1.8d introduces "periodic" change-logs, with the ability to automatically rotate them in a manner similar to that used for list archive notebooks. There are several new keyword settings and configuration variables.
·
The existing
Change-Log= list header keyword syntax is changed to
* Change-Log= Yes[,Yearly|Monthly|Weekly|Daily|Single]
The change to the keyword parser for this new feature necessitated a change to
LISTKWD FILE, which means that unix sites upgrading to LISTSERV Classic 1.8e
must be particularly careful to download BOTH the `uname`.tar.Z for their unix
platform AND common.tar.Z when obtaining the installation kit. (LISTSERV Lite sites upgrading to LISTSERV
Lite 1.8e do not have this problem as everything is shipped in one archive.)
· The new site configuration file variable DEFAULT_CHANGELOG_PERIOD defines the default for above. This in turn will default to SINGLE if unspecified, for compatibility.
· (Classic and Classic HPO only) The existing site configuration file variable SYSTEM_CHANGELOG definition was expanded from Boolean (0 or 1) to allow a period to be specified, e.g. SYSTEM_CHANGELOG=MONTHLY. 0 turns it off as before and 1 maps to SINGLE for compatibility.
· NOLIST-xxx change logs are always SINGLE.
· Rotated logs are renamed to CHANGELOG-yyyy[mm[dd|w]]. GET was changed to recognize these as change logs.
· When the feature is introduced (i.e. when upgrading to 1.8e), old logs will be renamed based on the date in the last entry. If the last entry is compatible with the newly introduced period (e.g. logs are YEARLY and the last entry is 2001), the log will continue, even if there were also entries for 2000. The definition of the 2001 log is that it contains all the entries for 2001, not that it is the first log started in 2001. Logs are not split as the feature is introduced.
· If the rename fails (e.g. because you keep changing the period back and forth), the current log continues.
· While LISTSERV on VM will accept all of the above settings without complaint, everything will behave as if you had specified SINGLE. This is because filetypes are limited to 8 characters on VM and it would be difficult to support a different naming convention just for VM.
Please note that this feature is not available under LISTSERV Lite.
List-level change-logs on all platforms now start with a SUBCOUNT entry showing the subscriber count at the time the change-log was started. Note carefully that this change does not affect NOLIST or SYSTEM change-logs, or change-logs already started before 1.8e was applied.
An example to show the format is
20011201111349 SUBCOUNT 115
In previous versions, an OK confirmation request for a message coming to a moderated list displayed the message to be approved in its "raw" format, i.e., there was no attempt made to display/decode MIME attachments that might be present in the message to be approved. LISTSERV 1.8e addresses the problem by including a copy of the first text/plain part (if one exists in the message) for the purpose of quick screening. The following restrictions apply:
1. This is only done for MIME messages (even simple single-part ones, but they must have MIME headers).
2. The text part in question is sent pretty much 'as is', that is, as an extra text/plain part in the message, with all the options and encoding and what not supplied in the original message. The reason is quite simply that it would be a lot of work and, in some extreme cases (incompatible code page, etc), completely impossible, to embed it into the first text/plain part with the LISTSERV message. The drawback is that some mail agents might conceivably only show the first part until you take some kind of clicking action.
It is important to understand that only the first text/plain part is extracted in this fashion. The goal was to make it easier to approve or reject simple text messages, not to build a factory around a simple problem. The ENTIRE message is available at an extra click.
Where security is a concern, it is important to review the ENTIRE original message and not just the plain text part. There could be an obscene GIF or another text part or a text/html part not matching the contents of the text/plain part or whatever. This is why, again, you are given the ENTIRE original message.

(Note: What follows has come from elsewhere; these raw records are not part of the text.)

fun mp_walk :: "'d mpmat \<Rightarrow> 'd list \<Rightarrow> bool" where
  "mp_walk B (i # j # w) \<longleftrightarrow> B i j \<noteq> -\<infinity> \<and> mp_walk B (j # w)"
| "mp_walk B _ \<longleftrightarrow> True"

lemma walk_weight_append:
  "walk_weight B (xs @ y # ys) = walk_weight B (xs @ [y]) + walk_weight B (y # ys)"
proof (induction xs)
  case (Cons x xs) then show ?case by (cases xs) auto
qed simp

lemma mp_walk_append: "mp_walk B (xs @ y # ys) \<longleftrightarrow> mp_walk B (xs @ [y]) \<and> mp_walk B (y # ys)"
proof (induction xs)
  case (Cons x xs) then show ?case by (cases xs) auto
qed simp

lemma walk_weight_cut_closed_subwalk:
  "walk_weight B (as @ y # bs @ y # cs) = walk_weight B (y # bs @ [y]) + walk_weight B (as @ y # cs)"
  using walk_weight_append[of B as y "bs @ y # cs"] walk_weight_append[of B "y # bs" y cs]
    walk_weight_append[of B as y cs] by simp

lemma mp_walk_cut_closed_subwalk:
  "mp_walk B (as @ y # bs @ y # cs) \<Longrightarrow> mp_walk B (y # bs @ [y]) \<and> mp_walk B (as @ y # cs)"
  using mp_walk_append[of B as y "bs @ y # cs"] mp_walk_append[of B "y # bs" y cs]
    mp_walk_append[of B as y cs] by simp

lemma walk_weight_conv_sum:
  "walk_weight B w = (\<Sum>k < length w - 1. real_of_ereal (B (w ! k) (w ! Suc k)))"
proof (induction B w rule: walk_weight.induct)
  case (1 B x y r)
  then show ?case by (simp add: sum.lessThan_Suc_shift del: sum.lessThan_Suc)
qed auto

List owners using certain email clients (specifically Pine, which handles attachments in a secondary viewing area) may find the new format difficult to use. If preferred, the pre-1.8e behavior may be reverted to by specifying "NOMIME" in the Send= list header keyword; for instance,
* Send= Editor,Hold,NoMIME
In previous versions, the GETPOST command returned messages that contained MIME attachments in their "raw" form, which could not be extracted automatically by MIME-aware mail clients. Customers who wished to use list notebooks to archive word-processing documents (for instance) found this to be a problem. In LISTSERV 1.8e, attachments returned in messages by way of the GETPOST command will now display as inline clickable links in the individual messages.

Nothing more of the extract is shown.